Про таких говорят: «поэт милостью божьей». Севак был поэт милостью небосклона, милостью Севана, высокогорных чабанов, бессонных самолетных огней и человечьей мысли.
Как осмыслил он локальный пейзаж Армении!
Сам рьяный цвет
сарьяновского лета
здесь прост,
как «да» и «нет»…
Но так ли это!
Рожденный в крестьянской семье, как истинный сын земли Севак презирал примитивную псевдонародность. Он входил в Историю и Культуру, как входит в сад опытный садовник. Его муза интеллектуальна. Мыслитель, доктор наук, энциклопедический исследователь, поэт погружал свой ум в глубины древнеармянского эпоса, тонко чувствовал русский стих, наизусть по-английски цитировал Элиота.

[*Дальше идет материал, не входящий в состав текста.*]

(* Let $\gamma\geq0$, $G=(V,E,\omega)\in\mathcal C_\gamma$, and let $V'$ be a proper subset of $V$. Assume $u,v\in\mathcal V$ satisfy $(Lu)_i\geq(Lv)_i$ for all $i\in V'$ and $u_i\geq v_i$ for all $i\in V\setminus V'$. Then $u_i\geq v_i$ for all $i\in V$.
   Context: $\mathcal{G}$ is the set of finite, simple, connected, undirected, edge-weighted graphs $G=(V,E,\omega)$ with $V=\{1,\dots,n\}$, $n\geq2$, weights $\omega_{ij}=\omega_{ji}>0$ on edges, $0$ otherwise. $d_i=\sum_j\omega_{ij}$. $\mathcal V$: functions $V\to\mathbb R$. Fixed $r\in[0,1]$: $(\Delta u)_i=d_i^{-r}\sum_j\omega_{ij}(u_i-u_j)$, $\mathcal M(u)=\sum_id_i^ru_i$, $\mathrm{vol}(V)=\sum_id_i^r$, $\mathcal A(u)=\frac{\mathcal M(u)}{\mathrm{vol}(V)}\chi_V$. For $u\in\mathcal V$ let $\varphi$ be the unique solution of $\Delta\varphi=u-\mathcal A(u)$, $\mathcal M(\varphi)=0$, and $Lu:=\Delta u+\gamma\varphi$. For a proper subset $S\subsetneq V$, the equilibrium measure $\nu^S$ is the unique $\nu\in\mathcal V$ with $(\Delta\nu)_i=1$ on $S$ and $\nu_i=0$ off $S$. $f^j:=\nu^{V\setminus\{j\}}-\mathcal A(\nu^{V\setminus\{j\}})$. $\mathcal C^0=\{G\in\mathcal G:\forall j\ \forall i\neq j:\ \omega_{ij}>0\text{ or }f^j_i\geq0\}$; for $\gamma>0$, $\mathcal C_\gamma=\{G\in\mathcal C^0:\forall j\ \forall i\neq j:\ \omega_{ij}=0\text{ or }d_i^{-r}\omega_{ij}+\gamma\frac{d_j^r}{\mathrm{vol}(V)}f^j_i>0\}$; $\mathcal C_0:=\mathcal G$. *)

theory Defs
  imports "HOL-Analysis.Analysis"
begin

text \<open>A weighted graph on vertex set V = {1..n} is given by a weight function
  w :: nat => nat => real; only values on V x V matter. The exponent r is a parameter.\<close>

definition Vset :: "nat \<Rightarrow> nat set" where
  "Vset n = {1..n}"

definition is_graph :: "nat \<Rightarrow> (nat \<Rightarrow> nat \<Rightarrow> real) \<Rightarrow> bool" where
  "is_graph n w \<longleftrightarrow> n \<ge> 2
     \<and> (\<forall>i\<in>Vset n. \<forall>j\<in>Vset n. w i j = w j i \<and> w i j \<ge> 0)
     \<and> (\<forall>i\<in>Vset n. w i i = 0)
     \<and> (\<forall>i\<in>Vset n. \<forall>j\<in>Vset n.
          (i, j) \<in> ({(a, b). a \<in> Vset n \<and> b \<in> Vset n \<and> w a b > 0})\<^sup>*)"

definition deg :: "nat \<Rightarrow> (nat \<Rightarrow> nat \<Rightarrow> real) \<Rightarrow> nat \<Rightarrow> real" where
  "deg n w i = (\<Sum>j\<in>Vset n. w i j)"

definition lap :: "nat \<Rightarrow> (nat \<Rightarrow> nat \<Rightarrow> real) \<Rightarrow> real \<Rightarrow> (nat \<Rightarrow> real) \<Rightarrow> nat \<Rightarrow> real" where
  "lap n w r u i = deg n w i powr (- r) * (\<Sum>j\<in>Vset n. w i j * (u i - u j))"

definition mass :: "nat \<Rightarrow> (nat \<Rightarrow> nat \<Rightarrow> real) \<Rightarrow> real \<Rightarrow> (nat \<Rightarrow> real) \<Rightarrow> real" where
  "mass n w r u = (\<Sum>i\<in>Vset n. deg n w i powr r * u i)"

definition vol :: "nat \<Rightarrow> (nat \<Rightarrow> nat \<Rightarrow> real) \<Rightarrow> real \<Rightarrow> real" where
  "vol n w r = (\<Sum>i\<in>Vset n. deg n w i powr r)"

definition avg :: "nat \<Rightarrow> (nat \<Rightarrow> nat \<Rightarrow> real) \<Rightarrow> real \<Rightarrow> (nat \<Rightarrow> real) \<Rightarrow> nat \<Rightarrow> real" where
  "avg n w r u = (\<lambda>i. if i \<in> Vset n then mass n w r u / vol n w r else 0)"

text \<open>phi: the unique solution of Delta phi = u - A(u) on V, M(phi) = 0
  (functions are normalised to be 0 outside V so that THE is well-defined).\<close>
definition phi :: "nat \<Rightarrow> (nat \<Rightarrow> nat \<Rightarrow> real) \<Rightarrow> real \<Rightarrow> (nat \<Rightarrow> real) \<Rightarrow> nat \<Rightarrow> real" where
  "phi n w r u = (THE p. (\<forall>i\<in>Vset n. lap n w r p i = u i - avg n w r u i)
                        \<and> mass n w r p = 0 \<and> (\<forall>i. i \<notin> Vset n \<longrightarrow> p i = 0))"

definition Lop :: "nat \<Rightarrow> (nat \<Rightarrow> nat \<Rightarrow> real) \<Rightarrow> real \<Rightarrow> real \<Rightarrow> (nat \<Rightarrow> real) \<Rightarrow> nat \<Rightarrow> real" where
  "Lop n w r \<gamma> u i = lap n w r u i + \<gamma> * phi n w r u i"

definition eqmeas :: "nat \<Rightarrow> (nat \<Rightarrow> nat \<Rightarrow> real) \<Rightarrow> real \<Rightarrow> nat set \<Rightarrow> nat \<Rightarrow> real" where
  "eqmeas n w r S = (THE \<nu>. (\<forall>i\<in>S. lap n w r \<nu> i = 1) \<and> (\<forall>i. i \<notin> S \<longrightarrow> \<nu> i = 0))"

definition fj :: "nat \<Rightarrow> (nat \<Rightarrow> nat \<Rightarrow> real) \<Rightarrow> real \<Rightarrow> nat \<Rightarrow> nat \<Rightarrow> real" where
  "fj n w r j = (let \<nu> = eqmeas n w r (Vset n - {j}) in (\<lambda>i. \<nu> i - avg n w r \<nu> i))"

definition classC0 :: "nat \<Rightarrow> (nat \<Rightarrow> nat \<Rightarrow> real) \<Rightarrow> real \<Rightarrow> bool" where
  "classC0 n w r \<longleftrightarrow> is_graph n w \<and>
     (\<forall>j\<in>Vset n. \<forall>i\<in>Vset n. i \<noteq> j \<longrightarrow> w i j > 0 \<or> fj n w r j i \<ge> 0)"

definition classC :: "nat \<Rightarrow> (nat \<Rightarrow> nat \<Rightarrow> real) \<Rightarrow> real \<Rightarrow> real \<Rightarrow> bool" where
  "classC n w r \<gamma> \<longleftrightarrow>
     (if \<gamma> = 0 then is_graph n w
      else classC0 n w r \<and>
        (\<forall>j\<in>Vset n. \<forall>i\<in>Vset n. i \<noteq> j \<longrightarrow>
           w i j = 0 \<or> deg n w i powr (- r) * w i j
                        + \<gamma> * deg n w j powr r / vol n w r * fj n w r j i > 0))"

end

theory Submission
  imports Defs "Jordan_Normal_Form.Determinant"
begin

text \<open>The solution operator \<open>u \<mapsto> \<phi>\<close> of \<open>\<Delta>\<phi> = u - \<A>(u)\<close>, \<open>\<M>(\<phi>) = 0\<close> is explicit:
  \<open>\<phi>(u) = - \<Sum>\<^sub>j u\<^sub>j (d\<^sub>j\<^sup>r / vol V) f\<^sup>j\<close>, and since \<open>\<phi>\<close> of a constant vanishes,
  \<open>\<Sum>\<^sub>j (d\<^sub>j\<^sup>r / vol V) f\<^sup>j\<^sub>i = 0\<close>. Hence \<open>(L u)\<^sub>i = \<Sum>\<^sub>k c\<^sub>i\<^sub>k (u\<^sub>i - u\<^sub>k)\<close> with
  \<open>c\<^sub>i\<^sub>k = d\<^sub>i\<^sup>-\<^sup>r \<omega>\<^sub>i\<^sub>k + \<gamma> (d\<^sub>k\<^sup>r / vol V) f\<^sup>k\<^sub>i\<close>. Membership in \<open>\<C>\<^sub>\<gamma>\<close> says exactly that
  these coefficients are nonnegative off the diagonal and positive along edges, so \<open>L\<close> obeys the
  minimum principle of a Laplacian on a connected graph: a negative minimum of \<open>u - v\<close> would
  spread along edges to the nonempty set \<open>V - V'\<close>, where \<open>u - v \<ge> 0\<close>.\<close>

lemma square_system_solvable:
  fixes a :: "nat \<Rightarrow> nat \<Rightarrow> real"
  assumes kernel_trivial:
    "\<And>g. \<forall>i\<in>{1..n}. (\<Sum>k\<in>{1..n}. a i k * g k) = 0 \<Longrightarrow> \<forall>i\<in>{1..n}. g i = 0"
  shows "\<exists>g. \<forall>i\<in>{1..n}. (\<Sum>k\<in>{1..n}. a i k * g k) = b i"
proof -
  define A :: "real mat" where "A = mat n n (\<lambda>(i, k). a (Suc i) (Suc k))"
  have A: "A \<in> carrier_mat n n" by (simp add: A_def)
  have row: "vec_index (A *\<^sub>v x) i = (\<Sum>k\<in>{1..n}. a (Suc i) k * vec_index x (k - 1))"
    if "x \<in> carrier_vec n" "i < n" for x i
  proof -
    have "vec_index (A *\<^sub>v x) i = (\<Sum>k<n. a (Suc i) (Suc k) * vec_index x k)"
      using that by (simp add: A_def scalar_prod_def atLeast0LessThan)
    also have "\<dots> = (\<Sum>k\<in>{Suc 0..<Suc n}. a (Suc i) k * vec_index x (k - 1))"
      by (simp only: sum.shift_bounds_Suc_ivl atLeast0LessThan diff_Suc_1)
    finally show ?thesis by (simp add: atLeastLessThanSuc_atLeastAtMost)
  qed
  have "det A \<noteq> 0"
  proof
    assume "det A = 0"
    then obtain x where x: "x \<in> carrier_vec n" "x \<noteq> 0\<^sub>v n" "A *\<^sub>v x = 0\<^sub>v n"
      using det_0_iff_vec_prod_zero_field[OF A] by blast
    have "\<forall>i\<in>{1..n}. (\<Sum>k\<in>{1..n}. a i k * vec_index x (k - 1)) = 0"
    proof
      fix i :: nat assume i: "i \<in> {1..n}"
      have i': "i - 1 < n" using i by auto
      then have "vec_index (A *\<^sub>v x) (i - 1) = 0" using x(3) by simp
      then show "(\<Sum>k\<in>{1..n}. a i k * vec_index x (k - 1)) = 0" using row[OF x(1) i'] i by simp
    qed
    then have zero: "\<forall>i\<in>{1..n}. vec_index x (i - 1) = 0" by (rule kernel_trivial)
    have "vec_index x i = 0" if "i < n" for i using zero[rule_format, of "Suc i"] that by simp
    then have "x = 0\<^sub>v n" using x(1) by (intro eq_vecI) auto
    with x(2) show False ..
  qed
  then have "A \<in> Units (ring_mat TYPE(real) n ())" by (rule det_non_zero_imp_unit[OF A])
  then obtain B where B: "B \<in> carrier_mat n n" "A * B = 1\<^sub>m n"
    by (auto simp: Units_def ring_mat_def)
  define y where "y = vec n (\<lambda>i. b (Suc i))"
  define x where "x = B *\<^sub>v y"
  have y: "y \<in> carrier_vec n" by (simp add: y_def)
  have x: "x \<in> carrier_vec n" using B(1) y by (simp add: x_def)
  have Ax: "A *\<^sub>v x = y"
    using assoc_mult_mat_vec[OF A B(1) y, symmetric] B(2) y by (simp add: x_def)
  have "\<forall>i\<in>{1..n}. (\<Sum>k\<in>{1..n}. a i k * vec_index x (k - 1)) = b i"
  proof
    fix i :: nat assume i: "i \<in> {1..n}"
    then have i': "i - 1 < n" by auto
    then have "vec_index (A *\<^sub>v x) (i - 1) = b i" using Ax i by (simp add: y_def)
    then show "(\<Sum>k\<in>{1..n}. a i k * vec_index x (k - 1)) = b i" using row[OF x i'] i by simp
  qed
  then show ?thesis by (rule exI[of _ "\<lambda>k. vec_index x (k - 1)"])
qed

lemma finite_Vset [simp]: "finite (Vset n)"
  by (simp add: Vset_def)

locale weighted_graph =
  fixes n :: nat and w :: "nat \<Rightarrow> nat \<Rightarrow> real" and r :: real
  assumes graph: "is_graph n w"
begin

abbreviation V :: "nat set" where "V \<equiv> Vset n"

lemma w_sym: "i \<in> V \<Longrightarrow> j \<in> V \<Longrightarrow> w i j = w j i"
  and w_nonneg: "i \<in> V \<Longrightarrow> j \<in> V \<Longrightarrow> 0 \<le> w i j"
  and w_diag: "i \<in> V \<Longrightarrow> w i i = 0"
  and reachable: "i \<in> V \<Longrightarrow> j \<in> V \<Longrightarrow> (i, j) \<in> {(a, b). a \<in> V \<and> b \<in> V \<and> 0 < w a b}\<^sup>*"
  using graph unfolding is_graph_def by auto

В гулкой поэме «Несмолкающая колокольня» он раскачал колокол познания по страшной амплитуде от Комитаса до наших дней.
Одни родились, чтобы жить во хмелю,
А другие — чтобы хмелели ими.
Рожденный вечной отчизной великих зодчих, обрученных с Вечностью, Паруйр Севак соединился с вечностью при жизни. Стихи его не устаревают, а становятся все более сегодняшними. Как шпыняли его при жизни за «придуманность», «головоломность»! Сегодня, когда мир стал умнее, его стихи кажутся естественными. Он был умным сумасшедшим. Это его кредо поэтически повторяло известное изречение, что лишь безумные идеи — истинны.
…говорил я — да так,
что лягушки
пучеглазо и буддообразно взирали на нас,
очевидно, пытаясь понять это жгущее слово,
это слово палящее и задыхающееся —
моя…
Каков темперамент чувства и мысли! Как он здесь перекликается с «общелягушачьей икрой».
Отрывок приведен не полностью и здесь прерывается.